# Saved entries
theorem mainTheorem9:
  fixes C :: "'c::euclidean_space set"
    and K :: "'a::euclidean_space \<Rightarrow> 'b::euclidean_space set"
    and f :: "'a \<Rightarrow> 'b \<Rightarrow> 'b \<Rightarrow> 'c"
    and \<xi>bar \<xi> :: 'a and xbar :: 'b and \<rho> \<gamma> :: real
  assumes C_closed: "closed C" and C_convex: "convex C" and C_pointed: "pointed_cone C"
    and C_nontriv: "C \<noteq> {0}"
    and K_graph: "closed {(\<eta>, x). x \<in> K \<eta>}"
    and K_ne: "\<And>\<eta>. K \<eta> \<noteq> {}"
    and gph: "xbar \<in> VEP_sol C K f \<xi>bar"
    and rho: "\<rho> > 0"
    and xi: "\<xi> \<in> cball \<xi>bar \<rho>"
    and usc: "\<And>z x. z \<in> K \<xi> \<Longrightarrow> C_usc_at C (\<lambda>y. f \<xi> y z) x"
    and x0: "\<exists>x0 \<in> K \<xi>. C_bounded C ((\<lambda>z. f \<xi> x0 z) ` K \<xi>)"
    and gamma_pos: "\<gamma> > 0"
    and gamma: "\<And>x. x \<notin> VEP_sol C K f \<xi> \<Longrightarrow>
         {u + w | u w. u \<in> basic_subdiff (gap_nu C K f \<xi>) x \<and> w \<in> trunc_normal x (K \<xi>)}
           \<inter> cball 0 \<gamma> = {}"
  shows "VEP_sol C K f \<xi> \<noteq> {} \<and>
         (\<forall>x. ereal (infdist x (VEP_sol C K f \<xi>)) \<le> gap_m C K f \<xi> x / ereal \<gamma>)"
proof -
  have "K \<xi> = (\<lambda>x. (\<xi>, x)) -` {(\<eta>, x). x \<in> K \<eta>}" by auto
  then have K_closed: "closed (K \<xi>)"
    using continuous_closed_vimage[OF K_graph, of "\<lambda>x. (\<xi>, x)"] by (simp add: continuous_intros)
  have "cone C" using C_pointed by (simp add: pointed_cone_def)
  then have C_add: "\<And>a b. a \<in> C \<Longrightarrow> b \<in> C \<Longrightarrow> a + b \<in> C" and "0 \<in> C"
    using C_convex C_pointed convex_cone by (auto simp: pointed_cone_def)
  obtain x0 where "x0 \<in> K \<xi>" "C_bounded C ((\<lambda>z. f \<xi> x0 z) ` K \<xi>)" using x0 by blast
  then have x0_finite: "gap_nu C K f \<xi> x0 \<noteq> \<infinity>"
    using \<open>0 \<in> C\<close> by (intro gap_nu_finite_of_C_bounded)
  have "0 \<le> gap_nu C K f \<xi> y" for y using K_ne by (rule gap_nu_nonneg)
  moreover have "lower_semicontinuous (gap_nu C K f \<xi>)"
    using C_add usc by (rule lower_semicontinuous_gap_nu)
  ultimately show ?thesis
    using error_bound_of_slope_condition[OF K_closed K_ne _ _ gamma gamma_pos x0_finite]
    by (simp add: gap_m_def gap_mu_def)
qed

# Instructions to follow
The answer must consist of every line from the entries above that contains "then".

# Response
  then have K_closed: "closed (K \<xi>)"
  then have C_add: "\<And>a b. a \<in> C \<Longrightarrow> b \<in> C \<Longrightarrow> a + b \<in> C" and "0 \<in> C"
  then have x0_finite: "gap_nu C K f \<xi> x0 \<noteq> \<infinity>"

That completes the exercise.